▶ Required work
Print each entry exactly, all the way through.

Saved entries
--

(* Let $(G_n)_{n\in\mathbb{N}}$ be an $\mathrm{FO}$-convergent sequence of finite graphs with modeling limit $L$, and let $\xi(x)$ be a formula in the language of graphs with one free variable such that $\xi(L)$ is finite and nonempty, $\xi(L)$ contains no nonempty proper subset of the form $\chi(L)$ for a formula $\chi(x)$ in the language of graphs, and $|\xi(G_n)|=|\xi(L)|$ for every $n$. Let $\phi_1,\phi_2,\dots$ be an enumeration of all first-order formulas in the language of rooted graphs. Then there exist, for each $i\in\mathbb{N}$, a sequence $(r^i_n)_{n\in\mathbb{N}}$ with $r^i_n\in\xi(G_n)$ and a vertex $r^i\in\xi(L)$ such that for all $j\le i$ we have $\lim_{n\to\infty}\langle\phi_j,(G_n,r^i_n)\rangle=\langle\phi_j,(L,r^i)\rangle$, and moreover $\langle\phi_j,(L,r^i)\rangle=\langle\phi_j,(L,r^{i'})\rangle$ for every $i'\ge i$.
   Context: Graphs are first-order structures in the language with one binary (edge) relation. For a formula $\phi$ with $p$ free variables and a structure $G$, $\phi(G)=\{\mathbf{v}\in V(G)^p : G\models\phi(\mathbf{v})\}$. The Stone pairing of $\phi$ ($p\ge1$) with a finite graph $G$ is $\langle\phi,G\rangle=|\phi(G)|/|V(G)|^p$; for sentences it is $1$ if $G\models\phi$ and $0$ otherwise. A sequence of finite graphs is $\mathrm{FO}$-convergent if $(\langle\phi,G_n\rangle)$ converges for every formula $\phi$. A modeling is a graph $L$ whose vertex set is a standard Borel space with a probability measure $\nu$ such that every first-order definable set $\phi(L)\subseteq V(L)^p$ is measurable; $\langle\phi,L\rangle=\nu^{\otimes p}(\phi(L))$ (and $1$/$0$ for sentences). $L$ is a modeling limit of $(G_n)$ if $\lim_n\langle\phi,G_n\rangle=\langle\phi,L\rangle$ for all $\phi$. The language of rooted graphs adds a constant symbol $\mathrm{Root}$; $(G,r)$ is $G$ with $\mathrm{Root}$ interpreted as $r$, and Stone pairings with rooted structures are defined in the same way. *)

theory Defs
  imports "HOL-Probability.Probability"
begin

--

▶ Exercise solution
(* Let $(G_n)_{n\in\mathbb{N}}$ be an $\mathrm{FO}$-convergent sequence of finite graphs with modeling limit $L$, and let $\xi(x)$ be a formula in the language of graphs with one free variable such that $\xi(L)$ is finite and nonempty, $\xi(L)$ contains no nonempty proper subset of the form $\chi(L)$ for a formula $\chi(x)$ in the language of graphs, and $|\xi(G_n)|=|\xi(L)|$ for every $n$. Let $\phi_1,\phi_2,\dots$ be an enumeration of all first-order formulas in the language of rooted graphs. Then there exist, for each $i\in\mathbb{N}$, a sequence $(r^i_n)_{n\in\mathbb{N}}$ with $r^i_n\in\xi(G_n)$ and a vertex $r^i\in\xi(L)$ such that for all $j\le i$ we have $\lim_{n\to\infty}\langle\phi_j,(G_n,r^i_n)\rangle=\langle\phi_j,(L,r^i)\rangle$, and moreover $\langle\phi_j,(L,r^i)\rangle=\langle\phi_j,(L,r^{i'})\rangle$ for every $i'\ge i$.
   Context: Graphs are first-order structures in the language with one binary (edge) relation. For a formula $\phi$ with $p$ free variables and a structure $G$, $\phi(G)=\{\mathbf{v}\in V(G)^p : G\models\phi(\mathbf{v})\}$. The Stone pairing of $\phi$ ($p\ge1$) with a finite graph $G$ is $\langle\phi,G\rangle=|\phi(G)|/|V(G)|^p$; for sentences it is $1$ if $G\models\phi$ and $0$ otherwise. A sequence of finite graphs is $\mathrm{FO}$-convergent if $(\langle\phi,G_n\rangle)$ converges for every formula $\phi$. A modeling is a graph $L$ whose vertex set is a standard Borel space with a probability measure $\nu$ such that every first-order definable set $\phi(L)\subseteq V(L)^p$ is measurable; $\langle\phi,L\rangle=\nu^{\otimes p}(\phi(L))$ (and $1$/$0$ for sentences). $L$ is a modeling limit of $(G_n)$ if $\lim_n\langle\phi,G_n\rangle=\langle\phi,L\rangle$ for all $\phi$. The language of rooted graphs adds a constant symbol $\mathrm{Root}$; $(G,r)$ is $G$ with $\mathrm{Root}$ interpreted as $r$, and Stone pairings with rooted structures are defined in the same way. *)

theory Defs
  imports "HOL-Probability.Probability"
begin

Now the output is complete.